Evaluating Inflight Batching and Scheduler Policies in TensorRT-LLM Triton Backend

Configured inflight batching in TensorRT-LLM Triton backend for Llama 3 8B model, tuning parameters to optimize GPU utilization and balance latency and throughput under bursty loads.

April 20, 2026·1 min read

Summary

Configured inflight batching in TensorRT-LLM Triton backend for Llama 3 8B model, tuning parameters to optimize GPU utilization and balance latency and throughput under bursty loads.

What I Did

Replaced static batching with TRT-LLM inflight batching. Tuned max_num_tokens and batch_scheduler_policy. Compared guaranteed_no_evict vs max_utilization scheduler policies.
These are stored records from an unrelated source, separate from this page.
(* Let $d,k\geq 2$ and $\epsilon\geq 1$, and let $G$ be a diregular $(d,k,+\epsilon)$-digraph. Then for every vertex $u$ of $G$, the multisets $O(N^+(u))$ and $N^+(O(u))$ are equal.
   Context: A digraph is $k$-geodetic if for every ordered pair of vertices $x,y$ there is at most one directed path from $x$ to $y$ of length at most $k$ (the trivial path of length $0$ counts). $M(d,k)=1+d+\dots+d^k$. A diregular $(d,k,+\epsilon)$-digraph is a $k$-geodetic digraph of order $M(d,k)+\epsilon$ in which every vertex has in-degree and out-degree exactly $d$. $N^+(x)$ is the set of out-neighbours of $x$; $d(x,y)$ is the directed distance; the outlier set of $x$ is $O(x)=\{y: d(x,y)\geq k+1\}$ (it has exactly $\epsilon$ elements). For a set $S$ of vertices, $N^+(S)$ denotes the multiset union $\biguplus_{x\in S}N^+(x)$ and $O(S)$ denotes the multiset union $\biguplus_{x\in S}O(x)$. *)

theory Defs
  imports Main "HOL-Library.Multiset"
begin

text \<open>A walk is a nonempty list of vertices, consecutive ones joined by arcs; its length is
the number of arcs, i.e. length minus one.\<close>

definition is_walk :: "'a set \<Rightarrow> ('a \<Rightarrow> 'a \<Rightarrow> bool) \<Rightarrow> 'a list \<Rightarrow> bool" where
  "is_walk V E xs \<longleftrightarrow> xs \<noteq> [] \<and> set xs \<subseteq> V \<and>
     (\<forall>i. Suc i < length xs \<longrightarrow> E (xs ! i) (xs ! Suc i))"

definition walk_from_to :: "'a set \<Rightarrow> ('a \<Rightarrow> 'a \<Rightarrow> bool) \<Rightarrow> 'a \<Rightarrow> 'a \<Rightarrow> 'a list \<Rightarrow> bool" where
  "walk_from_to V E x y xs \<longleftrightarrow> is_walk V E xs \<and> hd xs = x \<and> last xs = y"

definition k_geodetic :: "'a set \<Rightarrow> ('a \<Rightarrow> 'a \<Rightarrow> bool) \<Rightarrow> nat \<Rightarrow> bool" where
  "k_geodetic V E k \<longleftrightarrow> (\<forall>x\<in>V. \<forall>y\<in>V. \<forall>p q.
      walk_from_to V E x y p \<and> length p \<le> k + 1 \<and>
      walk_from_to V E x y q \<and> length q \<le> k + 1 \<longrightarrow> p = q)"

definition out_nbrs :: "'a set \<Rightarrow> ('a \<Rightarrow> 'a \<Rightarrow> bool) \<Rightarrow> 'a \<Rightarrow> 'a set" where
  "out_nbrs V E x = {y \<in> V. E x y}"

definition in_nbrs :: "'a set \<Rightarrow> ('a \<Rightarrow> 'a \<Rightarrow> bool) \<Rightarrow> 'a \<Rightarrow> 'a set" where
  "in_nbrs V E x = {y \<in> V. E y x}"

text \<open>Outlier set: vertices at directed distance at least k+1 (including unreachable ones).\<close>
definition outliers :: "'a set \<Rightarrow> ('a \<Rightarrow> 'a \<Rightarrow> bool) \<Rightarrow> nat \<Rightarrow> 'a \<Rightarrow> 'a set" where
  "outliers V E k x = {y \<in> V. \<not> (\<exists>p. walk_from_to V E x y p \<and> length p \<le> k + 1)}"

definition moore_bound :: "nat \<Rightarrow> nat \<Rightarrow> nat" where
  "moore_bound d k = (\<Sum>i\<le>k. d ^ i)"

definition diregular_dke :: "'a set \<Rightarrow> ('a \<Rightarrow> 'a \<Rightarrow> bool) \<Rightarrow> nat \<Rightarrow> nat \<Rightarrow> nat \<Rightarrow> bool" where
  "diregular_dke V E d k \<epsilon> \<longleftrightarrow>
     finite V \<and> (\<forall>x y. E x y \<longrightarrow> x \<in> V \<and> y \<in> V) \<and>
     k_geodetic V E k \<and> card V = moore_bound d k + \<epsilon> \<and>
     (\<forall>x\<in>V. card (out_nbrs V E x) = d \<and> card (in_nbrs V E x) = d)"

definition out_nbrs_mset :: "'a set \<Rightarrow> ('a \<Rightarrow> 'a \<Rightarrow> bool) \<Rightarrow> 'a set \<Rightarrow> 'a multiset" where
  "out_nbrs_mset V E S = (\<Sum>x\<in>S. mset_set (out_nbrs V E x))"

definition outliers_mset :: "'a set \<Rightarrow> ('a \<Rightarrow> 'a \<Rightarrow> bool) \<Rightarrow> nat \<Rightarrow> 'a set \<Rightarrow> 'a multiset" where
  "outliers_mset V E k S = (\<Sum>x\<in>S. mset_set (outliers V E k x))"

end

theory Submission
  imports Defs
begin

text \<open>Fix vertices u and v and count the walks from u to v of length between 1 and k+1.
By k-geodeticity such a walk is determined both by its second vertex, an out-neighbour x
of u that reaches v within k steps, and by its penultimate vertex, an in-neighbour w of v
reached from u within k steps. Hence the out-neighbours of u having v as an outlier and the
outliers of u having v as an out-neighbour are equally many: the d out-neighbours of u,
resp. the d in-neighbours of v, minus the number of these walks. This is exactly the
multiplicity of v on the two sides.\<close>

definition reaches_within :: "'a set \<Rightarrow> ('a \<Rightarrow> 'a \<Rightarrow> bool) \<Rightarrow> nat \<Rightarrow> 'a \<Rightarrow> 'a \<Rightarrow> bool" where
  "reaches_within V E k x y \<longleftrightarrow> (\<exists>p. walk_from_to V E x y p \<and> length p \<le> k + 1)"

definition short_walks :: "'a set \<Rightarrow> ('a \<Rightarrow> 'a \<Rightarrow> bool) \<Rightarrow> nat \<Rightarrow> 'a \<Rightarrow> 'a \<Rightarrow> 'a list set" where
  "short_walks V E k u v = {p. walk_from_to V E u v p \<and> 2 \<le> length p \<and> length p \<le> k + 2}"

lemma outliers_eq_not_reaches_within:
  "outliers V E k x = {y \<in> V. \<not> reaches_within V E k x y}"
  by (simp add: outliers_def reaches_within_def)

lemma is_walk_Cons:
  "xs \<noteq> [] \<Longrightarrow> is_walk V E (x # xs) \<longleftrightarrow> x \<in> V \<and> E x (hd xs) \<and> is_walk V E xs"
  unfolding is_walk_def by (auto simp: hd_conv_nth nth_Cons split: nat.splits)

lemma is_walk_snoc:
  assumes "xs \<noteq> []"
  shows "is_walk V E (xs @ [y]) \<longleftrightarrow> is_walk V E xs \<and> E (last xs) y \<and> y \<in> V"
proof -
  have "i = length xs - 1" if "Suc i < Suc (length xs)" "\<not> Suc i < length xs" for i
    using that by linarith
  then show ?thesis
    using assms unfolding is_walk_def by (auto simp: last_conv_nth nth_append)
qed

lemma walk_from_to_endpoints_in:
  "walk_from_to V E x y p \<Longrightarrow> x \<in> V \<and> y \<in> V"
  unfolding walk_from_to_def is_walk_def using hd_in_set last_in_set by blast

lemma k_geodetic_walk_unique:
  assumes "k_geodetic V E k"
    and "walk_from_to V E x y p" "length p \<le> k + 1"
    and "walk_from_to V E x y q" "length q \<le> k + 1"
  shows "p = q"
  using assms walk_from_to_endpoints_in[OF assms(2)] unfolding k_geodetic_def by blast

lemma short_walk_Cons_iff:
  "u # p \<in> short_walks V E k u v \<longleftrightarrow>
     u \<in> V \<and> p \<noteq> [] \<and> E u (hd p) \<and> walk_from_to V E (hd p) v p \<and> length p \<le> k + 1"
  unfolding short_walks_def walk_from_to_def
  by (cases p) (auto simp: is_walk_Cons)

lemma short_walk_snoc_iff:
  "p @ [v] \<in> short_walks V E k u v \<longleftrightarrow>
     v \<in> V \<and> p \<noteq> [] \<and> E (last p) v \<and> walk_from_to V E u (last p) p \<and> length p \<le> k + 1"
  unfolding short_walks_def walk_from_to_def
  by (cases "p = []") (auto simp: is_walk_snoc Suc_le_eq)

lemma short_walk_obtain_Cons:
  assumes "p \<in> short_walks V E k u v"
  obtains p' where "p = u # p'"
  using assms unfolding short_walks_def walk_from_to_def by (cases p) auto

lemma short_walk_obtain_snoc:
  assumes "p \<in> short_walks V E k u v"
  obtains p' where "p = p' @ [v]"
  using assms unfolding short_walks_def walk_from_to_def by (cases p rule: rev_cases) auto

lemma bij_betw_short_walks_out_nbrs:
  assumes "k_geodetic V E k" and "u \<in> V"
  shows "bij_betw (\<lambda>p. hd (tl p)) (short_walks V E k u v)
           {x \<in> out_nbrs V E u. reaches_within V E k x v}"
proof (rule bij_betwI')
  fix p q assume p: "p \<in> short_walks V E k u v" and q: "q \<in> short_walks V E k u v"
  obtain p' q' where "p = u # p'" "q = u # q'"
    using p q by (auto elim!: short_walk_obtain_Cons)
  with p q show "hd (tl p) = hd (tl q) \<longleftrightarrow> p = q"
    using k_geodetic_walk_unique[OF assms(1), of "hd p'" v p' q']
    by (auto simp: short_walk_Cons_iff)
next
  fix p assume p: "p \<in> short_walks V E k u v"
  then obtain p' where "p = u # p'" by (rule short_walk_obtain_Cons)
  with p show "hd (tl p) \<in> {x \<in> out_nbrs V E u. reaches_within V E k x v}"
    by (auto dest: walk_from_to_endpoints_in
        simp: short_walk_Cons_iff out_nbrs_def reaches_within_def)
next
  fix x assume "x \<in> {x \<in> out_nbrs V E u. reaches_within V E k x v}"
  then obtain p where "walk_from_to V E x v p" "length p \<le> k + 1" "E u x"
    unfolding out_nbrs_def reaches_within_def by auto
  moreover from this have "p \<noteq> []" "hd p = x"
    unfolding walk_from_to_def is_walk_def by auto
  ultimately have "u # p \<in> short_walks V E k u v" "x = hd (tl (u # p))"
    using assms(2) by (auto simp: short_walk_Cons_iff)
  then show "\<exists>p \<in> short_walks V E k u v. x = hd (tl p)" by blast
qed

lemma bij_betw_short_walks_in_nbrs:
  assumes "k_geodetic V E k" and "v \<in> V"
  shows "bij_betw (\<lambda>p. last (butlast p)) (short_walks V E k u v)
           {w \<in> in_nbrs V E v. reaches_within V E k u w}"
proof (rule bij_betwI')
  fix p q assume p: "p \<in> short_walks V E k u v" and q: "q \<in> short_walks V E k u v"
  obtain p' q' where "p = p' @ [v]" "q = q' @ [v]"
    using p q by (auto elim!: short_walk_obtain_snoc)
  with p q show "last (butlast p) = last (butlast q) \<longleftrightarrow> p = q"
    using k_geodetic_walk_unique[OF assms(1), of u "last p'" p' q']
    by (auto simp: short_walk_snoc_iff)
next
  fix p assume p: "p \<in> short_walks V E k u v"
  then obtain p' where "p = p' @ [v]" by (rule short_walk_obtain_snoc)
  with p show "last (butlast p) \<in> {w \<in> in_nbrs V E v. reaches_within V E k u w}"
    by (auto dest: walk_from_to_endpoints_in
        simp: short_walk_snoc_iff in_nbrs_def reaches_within_def)
next
  fix w assume "w \<in> {w \<in> in_nbrs V E v. reaches_within V E k u w}"
  then obtain p where "walk_from_to V E u w p" "length p \<le> k + 1" "E w v"
    unfolding in_nbrs_def reaches_within_def by auto
  moreover from this have "p \<noteq> []" "last p = w"
    unfolding walk_from_to_def is_walk_def by auto
  ultimately have "p @ [v] \<in> short_walks V E k u v" "w = last (butlast (p @ [v]))"
    using assms(2) by (auto simp: short_walk_snoc_iff)
  then show "\<exists>p \<in> short_walks V E k u v. w = last (butlast p)" by blast
qed

lemma card_out_nbrs_with_outlier:
  assumes "finite V" "k_geodetic V E k" "u \<in> V" "v \<in> V"
  shows "card {x \<in> out_nbrs V E u. v \<in> outliers V E k x}
           = card (out_nbrs V E u) - card (short_walks V E k u v)"
proof -
  let ?A = "{x \<in> out_nbrs V E u. reaches_within V E k x v}"
  have "{x \<in> out_nbrs V E u. v \<in> outliers V E k x} = out_nbrs V E u - ?A"
    using assms(4) by (auto simp: outliers_eq_not_reaches_within)
  moreover have "finite (out_nbrs V E u)"
    using assms(1) by (simp add: out_nbrs_def)
  moreover have "card ?A = card (short_walks V E k u v)"
    using bij_betw_same_card[OF bij_betw_short_walks_out_nbrs[OF assms(2,3)]] by simp
  ultimately show ?thesis
    by (simp add: card_Diff_subset)
qed

lemma card_outliers_with_out_nbr:
  assumes "finite V" "k_geodetic V E k" "v \<in> V"
  shows "card {w \<in> outliers V E k u. v \<in> out_nbrs V E w}
           = card (in_nbrs V E v) - card (short_walks V E k u v)"
proof -
  let ?B = "{w \<in> in_nbrs V E v. reaches_within V E k u w}"
  have "{w \<in> outliers V E k u. v \<in> out_nbrs V E w} = in_nbrs V E v - ?B"
    using assms(3) by (auto simp: outliers_eq_not_reaches_within out_nbrs_def in_nbrs_def)
  moreover have "finite (in_nbrs V E v)"
    using assms(1) by (simp add: in_nbrs_def)
  moreover have "card ?B = card (short_walks V E k u v)"
    using bij_betw_same_card[OF bij_betw_short_walks_in_nbrs[OF assms(2,3)]] by simp
  ultimately show ?thesis
    by (simp add: card_Diff_subset)
qed

lemma count_sum_mset_set:
  assumes "finite S" "\<And>x. x \<in> S \<Longrightarrow> finite (F x)"
  shows "count (\<Sum>x\<in>S. mset_set (F x)) v = card {x \<in> S. v \<in> F x}"
proof -
  have "count (\<Sum>x\<in>S. mset_set (F x)) v = (\<Sum>x\<in>S. if v \<in> F x then 1 else 0)"
    using assms by (auto simp: count_sum count_mset_set intro: sum.cong)
  also have "\<dots> = card {x \<in> S. v \<in> F x}"
    using assms(1) by (simp add: sum.inter_filter[symmetric])
  finally show ?thesis .
qed

theorem lemma1:
  fixes V :: "'a set" and E :: "'a \<Rightarrow> 'a \<Rightarrow> bool" and d k \<epsilon> :: nat
  assumes "d \<ge> 2" and "k \<ge> 2" and "\<epsilon> \<ge> 1"
    and "diregular_dke V E d k \<epsilon>"
    and "u \<in> V"
  shows "outliers_mset V E k (out_nbrs V E u) = out_nbrs_mset V E (outliers V E k u)"
proof (rule multiset_eqI)
  fix v
  from assms(4) have fin: "finite V" and geo: "k_geodetic V E k"
    and deg: "\<And>x. x \<in> V \<Longrightarrow> card (out_nbrs V E x) = d \<and> card (in_nbrs V E x) = d"
    unfolding diregular_dke_def by auto
  have "finite (out_nbrs V E x)" "finite (outliers V E k x)" for x
    using fin by (simp_all add: out_nbrs_def outliers_def)
  then have "count (outliers_mset V E k (out_nbrs V E u)) v
               = card {x \<in> out_nbrs V E u. v \<in> outliers V E k x}"
        and "count (out_nbrs_mset V E (outliers V E k u)) v
               = card {w \<in> outliers V E k u. v \<in> out_nbrs V E w}"
    by (simp_all add: outliers_mset_def out_nbrs_mset_def count_sum_mset_set)
  moreover have "card {x \<in> out_nbrs V E u. v \<in> outliers V E k x}
                   = card {w \<in> outliers V E k u. v \<in> out_nbrs V E w}"
  proof (cases "v \<in> V")
    case True
    then show ?thesis
      using assms(5) deg fin geo by (simp add: card_out_nbrs_with_outlier card_outliers_with_out_nbr)
  next
    case False
    then show ?thesis by (simp add: outliers_def out_nbrs_def)
  qed
  ultimately show "count (outliers_mset V E k (out_nbrs V E u)) v
                     = count (out_nbrs_mset V E (outliers V E k u)) v"
    by simp
qed

end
Monitored queue depth and GPU SM utilization at varying arrival rates.

Key Technical Findings

  • Inflights batching significantly improves throughput compared to static batching.
  • guaranteed_no_evict is preferable for SLA-sensitive APIs, while max_utilization suits batch jobs.
  • High GPU utilization (above 85%) indicates efficient scheduling.
  • Set max_num_tokens to 70-80% of the GPU memory budget.

Commands Used

tritonserver --model-repository=/models
curl -X POST http://localhost:8000/v2/models/ensemble/generate -d '{"text_input":"explain CUDA streams","max_tokens":256}'
python load_test.py --arrival_rate 50 --duration 60 --output_len 256 --concurrency 64
python plot_inflight_stats.py --log triton_metrics.log

Next Steps

  • Implement prometheus metrics scraping from Triton.
  • Test chunked prefill with inflight batching.